Eudora’s arm slammed uncomfortably into Claudia’s stomach.  It startled her but had its desired effect.  Claudia stopped.  She gaped and if Eudora’s finger hadn’t crossed her lips for silence Claudia would have called out.

            For there in front of them strode another woman. Unlike the two that hung back she was not young, nor in the least attractive.  She was hunched, and her eyes glazed with age instead of with suffering.  Yet there was suffering there too.  A red welt spread across her jaw and her arm was dreadfully burned.  Nothing could come to this place and not suffer.

            Staring at her Claudia felt strange stirrings.  The urge to weep welled up inside her along side with urges harder to contain.  She wanted to go to the old woman and aid her; she wanted to go to the old woman and wring her neck.  For here was a remnant, a reminder of the world above.

            Claudia had almost stopped believing in the sky, and the grass. She had nearly managed to forget the touch of the sun and clean starched sheets.  Those had seemed thing from an ancient delusion.  Now she remembered because this poor old drudge carried the vestiges of that world on her tired drooped shoulders.

            Claudia found she hated her because the old woman was really not that much worse off down here than she had been up there.  She had lived her whole life in gutters, struggling for each bite she ate.  That somehow she’d attained old age only showed some perversity in her temperament.  Under pressures that would have killed Claudia within the space of a few months this woman had lived out a lifetime (though likely stunted by swift aging.)  How dare someone who’d never known joy lay claim to Claudia’s suffering.  She who had renounced life suddenly came back to it with a fierce jealousy.

            All she had left was her hell and now she must share it (Eudora hardly counted as she was a part of hell.)  Claudia stood in the shelter of Eudora’s shadow and hated this stranger with all the fiber of her being. 

            For not only was this woman an intruder, she had made Claudia remember she was alive.  Claudia did not want someone else to have her hell, but neither did she want to have to experience it.  She wanted freedom.  She wanted love.  And now this woman who had never enjoyed either dared to steal the glorified suffering Claudia believed was hers alone.

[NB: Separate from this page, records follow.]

(* Let $C,A_1,\dots,A_m\in\mathbb{S}^n$, $b\in\mathbb{R}^m$, and write $\mathcal{L}(y)=C-\sum_{i=1}^my_iA_i$. Let $(U,V)\in\mathbb{R}^{n\times n}$ be invertible with $U\in\mathbb{R}^{n\times d}$, $V\in\mathbb{R}^{n\times(n-d)}$, $U^TV=0$. Consider the problem (R/D-SDP): minimize $C\cdot X$ subject to $A_i\cdot X=b_i$ ($i=1,\dots,m$) and $X=(U,V)\begin{pmatrix}W&Z\\Z^T&R\end{pmatrix}(U,V)^T$ with $W\in\mathbb{S}^d_+$, $R\in\mathbb{S}^{n-d}$, $Z\in\mathbb{R}^{d\times(n-d)}$. Assume (R/D-SDP) has an optimal solution and that $$\{y\in\mathbb{R}^m: V^T\mathcal{L}(y)V=0\}=\{y\in\mathbb{R}^m: V^T\mathcal{L}(y)V=0,\ V^T\mathcal{L}(y)U=0\}.$$ Then (R/D-SDP) has an optimal solution with $Z=0$.
   Context: $\mathbb{S}^n$ is the space of real symmetric $n\times n$ matrices with trace inner product $A\cdot B=\operatorname{trace}(AB)$; $\mathbb{S}^d_+$ is the positive semidefinite cone. *)

theory Defs
  imports "Jordan_Normal_Form.Matrix"
begin

definition mtrace :: "real mat \<Rightarrow> real" where
  "mtrace M = (\<Sum>i<dim_row M. M $$ (i, i))"

definition tinner :: "real mat \<Rightarrow> real mat \<Rightarrow> real" where
  "tinner A B = mtrace (A * B)"

definition symmetric_mat :: "nat \<Rightarrow> real mat \<Rightarrow> bool" where
  "symmetric_mat k M \<longleftrightarrow> M \<in> carrier_mat k k \<and> transpose_mat M = M"

definition psd_mat :: "nat \<Rightarrow> real mat \<Rightarrow> bool" where
  "psd_mat k M \<longleftrightarrow> symmetric_mat k M \<and> (\<forall>v \<in> carrier_vec k. v \<bullet> (M *\<^sub>v v) \<ge> 0)"

definition Lmap :: "nat \<Rightarrow> nat \<Rightarrow> real mat \<Rightarrow> (nat \<Rightarrow> real mat) \<Rightarrow> real vec \<Rightarrow> real mat" where
  "Lmap n m C A y = mat n n (\<lambda>(i, j). C $$ (i, j) - (\<Sum>k<m. y $ k * A k $$ (i, j)))"

definition concat_cols :: "nat \<Rightarrow> nat \<Rightarrow> real mat \<Rightarrow> real mat \<Rightarrow> real mat" where
  "concat_cols n d U V = mat n n (\<lambda>(i, j). if j < d then U $$ (i, j) else V $$ (i, j - d))"

definition Xof :: "nat \<Rightarrow> nat \<Rightarrow> real mat \<Rightarrow> real mat \<Rightarrow> real mat \<Rightarrow> real mat \<Rightarrow> real mat \<Rightarrow> real mat" where
  "Xof n d U V W Z R =
     concat_cols n d U V * four_block_mat W Z (transpose_mat Z) R * transpose_mat (concat_cols n d U V)"

definition RD_feasible ::
  "nat \<Rightarrow> nat \<Rightarrow> nat \<Rightarrow> (nat \<Rightarrow> real mat) \<Rightarrow> real vec \<Rightarrow> real mat \<Rightarrow> real mat
   \<Rightarrow> real mat \<Rightarrow> real mat \<Rightarrow> real mat \<Rightarrow> bool" where
  "RD_feasible n d m A b U V W Z R \<longleftrightarrow>
     psd_mat d W \<and> symmetric_mat (n - d) R \<and> Z \<in> carrier_mat d (n - d) \<and>
     (\<forall>i<m. tinner (A i) (Xof n d U V W Z R) = b $ i)"

definition RD_optimal ::
  "nat \<Rightarrow> nat \<Rightarrow> nat \<Rightarrow> real mat \<Rightarrow> (nat \<Rightarrow> real mat) \<Rightarrow> real vec \<Rightarrow> real mat \<Rightarrow> real mat
   \<Rightarrow> real mat \<Rightarrow> real mat \<Rightarrow> real mat \<Rightarrow> bool" where
  "RD_optimal n d m C A b U V W Z R \<longleftrightarrow>
     RD_feasible n d m A b U V W Z R \<and>
     (\<forall>W' Z' R'. RD_feasible n d m A b U V W' Z' R' \<longrightarrow>
        tinner C (Xof n d U V W Z R) \<le> tinner C (Xof n d U V W' Z' R'))"

end

theory Submission
  imports Defs
begin

(*
  Write X = P B P^T with P = (U, V) and B = [W Z; Z^T R]; then C . X = G0 . B and
  A_i . X = G_i . B with G0 = P^T C P and G_i = P^T A_i P.  Let B be optimal.  Perturbing
  B away from its W-block keeps W positive semidefinite, so first-order optimality and
  finite-dimensional duality give a multiplier y with G0 = sum_i y_i G_i outside the
  W-block; in particular V^T L(y) V = 0 and V^T L(y) U = 0.  Removing Z changes the
  constraint values, and a change of R can compensate this exactly when every y' for which
  sum_i y'_i G_i vanishes on the R-block also vanishes on the Z-block.  Applying the
  hypothesis to y + y' gives exactly that.  The resulting perturbation lives outside the
  W-block, where G0 agrees with sum_i y_i G_i, so it leaves the objective unchanged.
*)

lemma kernel_inclusion_along_direction:
  fixes f :: "'j \<Rightarrow> ('a \<Rightarrow> real) \<Rightarrow> real" and g :: "('a \<Rightarrow> real) \<Rightarrow> real"
  assumes "\<forall>i\<in>insert j J. \<forall>x e t. f i (\<lambda>k. x k - t * e k) = f i x - t * f i e"
    and "\<forall>x e t. g (\<lambda>k. x k - t * e k) = g x - t * g e"
    and "\<forall>x. (\<forall>i\<in>insert j J. f i x = 0) \<longrightarrow> g x = 0"
    and "f j e \<noteq> 0"
  shows "\<forall>x. (\<forall>i\<in>J. f i x - f i e / f j e * f j x = 0) \<longrightarrow> g x - g e / f j e * f j x = 0"
proof (intro allI impI)
  fix x assume x: "\<forall>i\<in>J. f i x - f i e / f j e * f j x = 0"
  define x' where "x' = (\<lambda>k. x k - f j x / f j e * e k)"
  have f_x': "f i x' = f i x - f j x / f j e * f i e" if "i \<in> insert j J" for i
    using assms(1) that unfolding x'_def by blast
  have "f i x' = 0" if "i \<in> insert j J" for i
  proof (cases "i = j")
    case True
    then show ?thesis using f_x' assms(4) by simp
  next
    case False
    then have "f i x = f i e / f j e * f j x" using x that by simp
    then show ?thesis using f_x' that by simp
  qed
  then have "g x' = 0" using assms(3) by blast
  moreover have "g x' = g x - f j x / f j e * g e"
    using assms(2) unfolding x'_def by blast
  ultimately show "g x - g e / f j e * f j x = 0" by (simp add: algebra_simps)
qed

            Eudora’s hand held her back and for a moment Claudia pushed against it.  Her claws extended- defending her territory.

            Then the hatred broke inside of her and Claudia found pity inside herself.  This astounded her.  Never before had a pitiable creature been real enough for her to truly pity them.  The priest would tell stories but they were always removed into a realm Claudia need not worry about.  She had seen deformed children begging but they were only eye sores- to be pitied yes, but only in church and only by giving a few coins to proper charities or to the church depository.  They hadn’t been real. This woman was real.  She shared Claudia’s suffering.

            Her vague eyes stared about in terror.  Her dry lips parted.  She was tired, thirsty, hungry and afraid.  Claudia had walked in her place not so long ago and now was not so very far from that desperation.  Had they been in equally desperate straits Claudia would have fought tooth and nail to survive.  She might then truly have destroyed this woman.  Now she wanted to help her. She wanted to guide this woman to water and food.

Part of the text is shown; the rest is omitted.